> _Stored data_:

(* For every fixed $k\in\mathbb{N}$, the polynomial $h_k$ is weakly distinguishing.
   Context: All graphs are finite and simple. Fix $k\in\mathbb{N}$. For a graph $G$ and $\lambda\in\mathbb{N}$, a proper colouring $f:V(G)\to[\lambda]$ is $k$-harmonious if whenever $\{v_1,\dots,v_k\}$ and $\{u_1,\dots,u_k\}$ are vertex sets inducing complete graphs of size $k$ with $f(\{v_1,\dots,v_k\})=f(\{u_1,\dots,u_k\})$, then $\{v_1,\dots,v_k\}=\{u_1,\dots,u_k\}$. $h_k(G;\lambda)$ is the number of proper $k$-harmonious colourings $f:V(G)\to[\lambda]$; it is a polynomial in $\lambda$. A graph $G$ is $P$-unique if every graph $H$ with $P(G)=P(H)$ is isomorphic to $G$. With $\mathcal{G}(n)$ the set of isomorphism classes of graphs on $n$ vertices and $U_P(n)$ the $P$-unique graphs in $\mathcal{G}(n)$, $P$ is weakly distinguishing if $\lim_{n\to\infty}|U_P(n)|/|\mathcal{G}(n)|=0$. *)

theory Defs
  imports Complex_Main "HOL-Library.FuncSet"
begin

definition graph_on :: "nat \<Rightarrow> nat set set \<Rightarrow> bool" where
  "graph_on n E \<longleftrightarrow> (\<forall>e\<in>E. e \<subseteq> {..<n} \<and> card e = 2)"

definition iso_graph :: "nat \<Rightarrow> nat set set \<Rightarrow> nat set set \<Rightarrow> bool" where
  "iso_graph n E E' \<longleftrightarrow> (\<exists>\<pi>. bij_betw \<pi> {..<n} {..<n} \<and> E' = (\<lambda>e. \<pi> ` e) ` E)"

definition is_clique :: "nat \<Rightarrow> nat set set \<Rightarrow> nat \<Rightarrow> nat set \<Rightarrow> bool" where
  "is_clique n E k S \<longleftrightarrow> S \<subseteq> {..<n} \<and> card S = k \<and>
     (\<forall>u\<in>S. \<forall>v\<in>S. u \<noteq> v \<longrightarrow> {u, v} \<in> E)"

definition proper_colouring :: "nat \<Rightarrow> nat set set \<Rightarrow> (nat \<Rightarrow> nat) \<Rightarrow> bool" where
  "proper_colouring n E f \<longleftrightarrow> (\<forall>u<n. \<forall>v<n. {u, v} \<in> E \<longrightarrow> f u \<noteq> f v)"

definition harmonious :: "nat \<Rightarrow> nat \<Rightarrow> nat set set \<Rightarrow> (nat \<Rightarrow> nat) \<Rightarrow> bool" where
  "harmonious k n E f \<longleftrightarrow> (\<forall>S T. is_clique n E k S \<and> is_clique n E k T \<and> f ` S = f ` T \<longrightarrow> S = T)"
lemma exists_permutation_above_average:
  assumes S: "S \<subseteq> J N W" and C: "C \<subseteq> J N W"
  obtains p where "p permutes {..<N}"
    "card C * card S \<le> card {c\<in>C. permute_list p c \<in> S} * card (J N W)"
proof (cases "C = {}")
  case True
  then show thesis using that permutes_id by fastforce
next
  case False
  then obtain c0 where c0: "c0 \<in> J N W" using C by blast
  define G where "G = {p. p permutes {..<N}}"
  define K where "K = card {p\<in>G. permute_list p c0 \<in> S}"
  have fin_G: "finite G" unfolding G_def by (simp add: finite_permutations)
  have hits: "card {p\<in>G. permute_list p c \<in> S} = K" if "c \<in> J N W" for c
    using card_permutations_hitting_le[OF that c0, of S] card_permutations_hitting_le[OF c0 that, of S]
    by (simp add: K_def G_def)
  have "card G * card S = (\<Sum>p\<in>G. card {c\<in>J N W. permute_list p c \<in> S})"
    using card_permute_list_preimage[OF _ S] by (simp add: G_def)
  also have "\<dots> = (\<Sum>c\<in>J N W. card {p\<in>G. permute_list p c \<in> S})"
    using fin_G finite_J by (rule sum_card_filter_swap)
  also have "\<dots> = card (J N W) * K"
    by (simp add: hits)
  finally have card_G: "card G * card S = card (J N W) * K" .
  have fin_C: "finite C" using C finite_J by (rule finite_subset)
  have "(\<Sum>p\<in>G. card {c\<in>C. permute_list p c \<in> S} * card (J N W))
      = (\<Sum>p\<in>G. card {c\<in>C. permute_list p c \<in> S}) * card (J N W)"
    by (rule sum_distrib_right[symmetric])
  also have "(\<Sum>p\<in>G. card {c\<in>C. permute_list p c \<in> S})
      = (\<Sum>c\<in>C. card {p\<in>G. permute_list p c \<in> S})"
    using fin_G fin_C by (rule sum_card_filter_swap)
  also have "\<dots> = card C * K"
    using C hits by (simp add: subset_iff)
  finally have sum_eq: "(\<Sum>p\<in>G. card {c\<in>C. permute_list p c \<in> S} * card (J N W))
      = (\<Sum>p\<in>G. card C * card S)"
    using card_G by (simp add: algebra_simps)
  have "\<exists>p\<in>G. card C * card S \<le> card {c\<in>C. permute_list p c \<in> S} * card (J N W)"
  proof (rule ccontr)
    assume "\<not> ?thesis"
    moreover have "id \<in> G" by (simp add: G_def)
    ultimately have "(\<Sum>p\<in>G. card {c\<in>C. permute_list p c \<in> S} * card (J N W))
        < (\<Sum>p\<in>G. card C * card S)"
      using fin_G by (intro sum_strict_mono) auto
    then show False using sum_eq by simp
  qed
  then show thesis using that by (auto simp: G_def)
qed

* * *

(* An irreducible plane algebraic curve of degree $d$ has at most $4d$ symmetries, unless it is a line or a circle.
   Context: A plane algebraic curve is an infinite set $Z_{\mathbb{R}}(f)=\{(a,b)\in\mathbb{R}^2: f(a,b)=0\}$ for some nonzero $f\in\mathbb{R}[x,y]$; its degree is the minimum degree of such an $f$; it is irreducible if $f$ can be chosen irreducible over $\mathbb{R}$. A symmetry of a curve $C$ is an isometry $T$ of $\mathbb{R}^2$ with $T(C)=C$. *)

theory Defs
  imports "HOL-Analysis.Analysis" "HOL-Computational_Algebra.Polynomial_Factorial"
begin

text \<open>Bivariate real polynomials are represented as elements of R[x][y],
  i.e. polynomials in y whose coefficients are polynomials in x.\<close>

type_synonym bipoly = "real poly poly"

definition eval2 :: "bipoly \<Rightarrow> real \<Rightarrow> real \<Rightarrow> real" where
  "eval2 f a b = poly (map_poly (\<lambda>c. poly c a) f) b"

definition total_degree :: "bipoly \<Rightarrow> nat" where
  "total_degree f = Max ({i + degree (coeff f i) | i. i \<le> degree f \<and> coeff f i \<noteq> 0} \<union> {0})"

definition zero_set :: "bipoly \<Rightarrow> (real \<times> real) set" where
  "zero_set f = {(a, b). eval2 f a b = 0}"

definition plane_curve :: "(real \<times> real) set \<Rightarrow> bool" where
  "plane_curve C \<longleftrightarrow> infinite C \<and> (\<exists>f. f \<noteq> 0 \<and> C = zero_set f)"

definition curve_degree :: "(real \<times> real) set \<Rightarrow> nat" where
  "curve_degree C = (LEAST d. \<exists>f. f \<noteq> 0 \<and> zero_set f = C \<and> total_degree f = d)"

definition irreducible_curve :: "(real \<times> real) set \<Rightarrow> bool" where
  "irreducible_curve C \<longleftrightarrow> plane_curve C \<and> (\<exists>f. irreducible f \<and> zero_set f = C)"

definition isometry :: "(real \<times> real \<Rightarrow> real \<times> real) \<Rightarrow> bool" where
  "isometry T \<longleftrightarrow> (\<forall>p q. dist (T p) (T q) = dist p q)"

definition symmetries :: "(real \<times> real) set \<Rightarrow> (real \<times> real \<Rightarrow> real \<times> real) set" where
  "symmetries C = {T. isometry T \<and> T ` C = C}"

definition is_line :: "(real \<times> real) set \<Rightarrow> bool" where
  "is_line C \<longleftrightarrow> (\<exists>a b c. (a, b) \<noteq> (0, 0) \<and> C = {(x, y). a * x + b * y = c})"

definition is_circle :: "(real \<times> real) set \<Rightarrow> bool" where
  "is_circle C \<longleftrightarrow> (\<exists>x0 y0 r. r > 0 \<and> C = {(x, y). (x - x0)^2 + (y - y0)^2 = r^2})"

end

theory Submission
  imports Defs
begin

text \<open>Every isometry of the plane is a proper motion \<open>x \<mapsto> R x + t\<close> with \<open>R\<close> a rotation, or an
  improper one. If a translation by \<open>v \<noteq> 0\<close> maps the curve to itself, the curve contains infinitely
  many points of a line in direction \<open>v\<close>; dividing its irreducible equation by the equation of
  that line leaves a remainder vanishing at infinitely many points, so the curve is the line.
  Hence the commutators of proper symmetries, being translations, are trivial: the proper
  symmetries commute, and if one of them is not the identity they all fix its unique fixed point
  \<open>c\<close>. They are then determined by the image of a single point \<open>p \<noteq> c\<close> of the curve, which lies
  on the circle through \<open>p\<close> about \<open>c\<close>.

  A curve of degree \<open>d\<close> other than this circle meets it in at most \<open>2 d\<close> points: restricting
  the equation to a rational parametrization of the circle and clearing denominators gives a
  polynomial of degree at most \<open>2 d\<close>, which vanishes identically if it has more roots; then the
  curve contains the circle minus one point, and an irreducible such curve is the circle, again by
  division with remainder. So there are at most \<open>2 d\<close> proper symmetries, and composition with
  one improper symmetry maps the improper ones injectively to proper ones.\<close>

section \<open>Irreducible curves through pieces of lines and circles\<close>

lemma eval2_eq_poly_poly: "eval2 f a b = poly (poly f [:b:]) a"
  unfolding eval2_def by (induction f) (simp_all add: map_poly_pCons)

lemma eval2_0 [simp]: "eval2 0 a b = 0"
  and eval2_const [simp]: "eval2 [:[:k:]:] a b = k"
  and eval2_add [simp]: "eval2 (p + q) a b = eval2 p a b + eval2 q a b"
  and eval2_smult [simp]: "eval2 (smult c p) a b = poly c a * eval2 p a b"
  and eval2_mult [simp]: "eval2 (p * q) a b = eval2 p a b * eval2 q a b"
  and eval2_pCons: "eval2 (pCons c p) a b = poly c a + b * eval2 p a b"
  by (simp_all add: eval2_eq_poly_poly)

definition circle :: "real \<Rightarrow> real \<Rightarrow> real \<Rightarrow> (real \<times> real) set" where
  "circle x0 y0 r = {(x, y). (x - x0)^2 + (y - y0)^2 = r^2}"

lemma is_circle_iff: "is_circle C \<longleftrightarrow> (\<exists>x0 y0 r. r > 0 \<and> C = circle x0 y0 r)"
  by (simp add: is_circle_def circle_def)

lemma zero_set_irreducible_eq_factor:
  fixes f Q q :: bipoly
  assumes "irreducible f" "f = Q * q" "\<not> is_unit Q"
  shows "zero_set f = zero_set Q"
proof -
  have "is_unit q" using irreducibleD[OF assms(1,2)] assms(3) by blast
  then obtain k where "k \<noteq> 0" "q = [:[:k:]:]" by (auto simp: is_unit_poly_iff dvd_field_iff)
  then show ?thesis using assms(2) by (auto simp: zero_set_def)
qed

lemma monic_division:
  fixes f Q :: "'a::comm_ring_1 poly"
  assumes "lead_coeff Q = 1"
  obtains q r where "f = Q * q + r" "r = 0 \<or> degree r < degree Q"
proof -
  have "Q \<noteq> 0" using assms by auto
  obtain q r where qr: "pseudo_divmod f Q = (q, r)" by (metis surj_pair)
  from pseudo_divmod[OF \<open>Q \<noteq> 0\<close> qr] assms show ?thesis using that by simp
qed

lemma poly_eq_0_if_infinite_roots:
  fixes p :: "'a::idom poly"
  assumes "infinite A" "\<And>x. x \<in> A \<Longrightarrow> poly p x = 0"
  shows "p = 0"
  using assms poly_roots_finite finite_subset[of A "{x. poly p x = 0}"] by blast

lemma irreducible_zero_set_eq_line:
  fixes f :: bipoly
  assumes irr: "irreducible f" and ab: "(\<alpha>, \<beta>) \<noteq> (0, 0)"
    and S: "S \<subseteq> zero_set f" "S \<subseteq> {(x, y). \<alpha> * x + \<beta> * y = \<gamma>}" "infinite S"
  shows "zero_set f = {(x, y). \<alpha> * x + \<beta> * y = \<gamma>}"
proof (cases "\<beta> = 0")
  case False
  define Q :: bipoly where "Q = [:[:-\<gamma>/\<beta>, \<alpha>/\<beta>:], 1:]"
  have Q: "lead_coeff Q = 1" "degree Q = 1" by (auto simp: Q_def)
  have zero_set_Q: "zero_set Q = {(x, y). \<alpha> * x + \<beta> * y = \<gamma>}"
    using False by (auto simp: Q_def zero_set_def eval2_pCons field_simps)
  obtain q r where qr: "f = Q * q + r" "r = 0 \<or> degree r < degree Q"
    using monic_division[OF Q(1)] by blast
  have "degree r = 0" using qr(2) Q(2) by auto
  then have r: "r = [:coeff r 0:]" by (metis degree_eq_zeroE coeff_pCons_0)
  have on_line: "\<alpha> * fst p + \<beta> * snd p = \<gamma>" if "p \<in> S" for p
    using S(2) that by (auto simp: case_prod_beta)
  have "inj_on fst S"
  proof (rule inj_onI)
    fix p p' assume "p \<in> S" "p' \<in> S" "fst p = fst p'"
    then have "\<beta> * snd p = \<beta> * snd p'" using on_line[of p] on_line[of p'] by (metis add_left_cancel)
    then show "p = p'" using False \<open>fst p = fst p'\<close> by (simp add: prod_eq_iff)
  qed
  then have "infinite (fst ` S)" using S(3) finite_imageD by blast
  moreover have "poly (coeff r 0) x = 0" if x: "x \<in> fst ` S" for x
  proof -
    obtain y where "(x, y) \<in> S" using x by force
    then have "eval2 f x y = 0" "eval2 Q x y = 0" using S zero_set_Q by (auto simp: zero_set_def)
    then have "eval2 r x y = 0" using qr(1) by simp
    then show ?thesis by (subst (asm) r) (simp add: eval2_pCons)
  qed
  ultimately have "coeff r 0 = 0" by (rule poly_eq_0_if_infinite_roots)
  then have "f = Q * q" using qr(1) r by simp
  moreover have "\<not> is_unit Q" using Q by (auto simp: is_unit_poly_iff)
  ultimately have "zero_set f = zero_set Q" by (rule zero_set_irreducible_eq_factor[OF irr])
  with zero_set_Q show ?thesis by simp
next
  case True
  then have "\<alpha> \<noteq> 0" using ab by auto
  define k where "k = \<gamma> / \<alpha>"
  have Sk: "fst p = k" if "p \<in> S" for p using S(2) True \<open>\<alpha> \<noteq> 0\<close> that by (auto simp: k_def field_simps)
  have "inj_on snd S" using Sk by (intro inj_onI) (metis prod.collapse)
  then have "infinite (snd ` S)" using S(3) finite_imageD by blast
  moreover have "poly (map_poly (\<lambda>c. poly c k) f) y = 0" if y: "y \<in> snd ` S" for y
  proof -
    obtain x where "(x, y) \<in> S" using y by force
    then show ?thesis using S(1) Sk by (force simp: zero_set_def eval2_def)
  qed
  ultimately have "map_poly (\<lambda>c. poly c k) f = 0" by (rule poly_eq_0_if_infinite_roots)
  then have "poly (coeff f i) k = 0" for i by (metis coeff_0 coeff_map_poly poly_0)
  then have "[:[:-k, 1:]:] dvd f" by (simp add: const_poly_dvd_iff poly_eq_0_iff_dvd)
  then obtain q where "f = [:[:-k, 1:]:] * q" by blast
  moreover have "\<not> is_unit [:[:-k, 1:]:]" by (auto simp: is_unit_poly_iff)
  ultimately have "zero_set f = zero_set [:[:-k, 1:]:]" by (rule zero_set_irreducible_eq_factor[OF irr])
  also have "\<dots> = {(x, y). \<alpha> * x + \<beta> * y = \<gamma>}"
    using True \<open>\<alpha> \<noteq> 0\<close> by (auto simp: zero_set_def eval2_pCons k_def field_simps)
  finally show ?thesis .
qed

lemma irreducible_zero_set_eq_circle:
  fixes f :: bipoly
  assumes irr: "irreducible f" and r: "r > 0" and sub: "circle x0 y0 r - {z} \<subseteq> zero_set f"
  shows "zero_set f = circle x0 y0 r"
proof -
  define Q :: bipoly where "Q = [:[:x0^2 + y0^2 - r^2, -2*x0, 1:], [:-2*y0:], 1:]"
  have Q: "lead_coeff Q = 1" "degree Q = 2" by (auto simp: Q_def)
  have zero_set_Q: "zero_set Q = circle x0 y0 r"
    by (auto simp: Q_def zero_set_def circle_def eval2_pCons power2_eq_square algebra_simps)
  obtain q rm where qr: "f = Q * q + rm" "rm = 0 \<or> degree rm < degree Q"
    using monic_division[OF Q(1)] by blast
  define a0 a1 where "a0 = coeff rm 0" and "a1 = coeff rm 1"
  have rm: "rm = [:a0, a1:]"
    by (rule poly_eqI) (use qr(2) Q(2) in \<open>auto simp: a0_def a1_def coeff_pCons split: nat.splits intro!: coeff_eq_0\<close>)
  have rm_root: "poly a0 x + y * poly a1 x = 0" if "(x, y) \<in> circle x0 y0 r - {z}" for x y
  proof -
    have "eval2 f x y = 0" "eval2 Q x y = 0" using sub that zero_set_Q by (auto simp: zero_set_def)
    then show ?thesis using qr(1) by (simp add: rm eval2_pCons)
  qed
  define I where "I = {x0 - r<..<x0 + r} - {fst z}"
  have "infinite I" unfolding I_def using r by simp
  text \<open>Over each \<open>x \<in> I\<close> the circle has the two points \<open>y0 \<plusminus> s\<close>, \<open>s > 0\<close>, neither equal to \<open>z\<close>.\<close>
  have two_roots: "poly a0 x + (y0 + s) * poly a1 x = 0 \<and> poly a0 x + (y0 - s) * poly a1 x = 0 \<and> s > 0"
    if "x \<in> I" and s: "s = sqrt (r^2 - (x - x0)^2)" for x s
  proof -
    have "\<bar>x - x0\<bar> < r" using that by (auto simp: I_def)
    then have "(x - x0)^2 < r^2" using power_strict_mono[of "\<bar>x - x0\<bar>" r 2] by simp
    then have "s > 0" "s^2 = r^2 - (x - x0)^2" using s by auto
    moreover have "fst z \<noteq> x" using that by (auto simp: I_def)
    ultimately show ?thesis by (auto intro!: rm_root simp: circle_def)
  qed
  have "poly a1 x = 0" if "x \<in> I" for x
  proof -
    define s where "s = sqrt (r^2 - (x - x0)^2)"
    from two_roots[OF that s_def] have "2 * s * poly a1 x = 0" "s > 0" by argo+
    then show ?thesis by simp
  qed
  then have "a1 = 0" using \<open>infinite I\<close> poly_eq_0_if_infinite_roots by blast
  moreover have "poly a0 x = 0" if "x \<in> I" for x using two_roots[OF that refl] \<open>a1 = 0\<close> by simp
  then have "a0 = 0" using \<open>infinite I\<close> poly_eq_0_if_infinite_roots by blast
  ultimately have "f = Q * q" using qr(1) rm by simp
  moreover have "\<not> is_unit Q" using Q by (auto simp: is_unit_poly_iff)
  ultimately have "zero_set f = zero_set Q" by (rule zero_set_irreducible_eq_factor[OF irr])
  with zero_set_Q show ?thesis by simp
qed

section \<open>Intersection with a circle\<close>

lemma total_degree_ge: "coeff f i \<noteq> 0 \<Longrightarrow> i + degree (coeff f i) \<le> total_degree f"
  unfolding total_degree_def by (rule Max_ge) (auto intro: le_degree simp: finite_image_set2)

---

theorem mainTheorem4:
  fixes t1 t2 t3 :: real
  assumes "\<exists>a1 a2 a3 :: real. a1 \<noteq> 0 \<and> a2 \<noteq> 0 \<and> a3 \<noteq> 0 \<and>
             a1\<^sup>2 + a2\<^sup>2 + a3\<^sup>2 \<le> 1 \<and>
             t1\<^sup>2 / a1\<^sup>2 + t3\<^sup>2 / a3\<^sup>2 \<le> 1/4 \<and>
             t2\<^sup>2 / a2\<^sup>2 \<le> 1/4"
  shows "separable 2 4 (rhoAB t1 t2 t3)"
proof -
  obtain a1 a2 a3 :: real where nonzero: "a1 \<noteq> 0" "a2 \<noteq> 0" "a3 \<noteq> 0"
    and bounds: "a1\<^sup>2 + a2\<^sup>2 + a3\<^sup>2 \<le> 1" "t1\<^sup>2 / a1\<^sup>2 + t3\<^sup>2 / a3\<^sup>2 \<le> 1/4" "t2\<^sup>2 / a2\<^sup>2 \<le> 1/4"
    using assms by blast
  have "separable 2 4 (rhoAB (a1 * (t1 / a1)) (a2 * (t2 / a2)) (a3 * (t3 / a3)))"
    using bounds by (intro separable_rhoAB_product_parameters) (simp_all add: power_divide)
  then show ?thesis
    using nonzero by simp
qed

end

> _To do_:
Return, from the material above, each line holding the string "also".

> _Task result_:
  also have "\<dots> = (\<Sum>c\<in>J N W. card {p\<in>G. permute_list p c \<in> S})"
  also have "\<dots> = card (J N W) * K"
  also have "(\<Sum>p\<in>G. card {c\<in>C. permute_list p c \<in> S})
  also have "\<dots> = card C * K"
  also have "\<dots> = {(x, y). \<alpha> * x + \<beta> * y = \<gamma>}"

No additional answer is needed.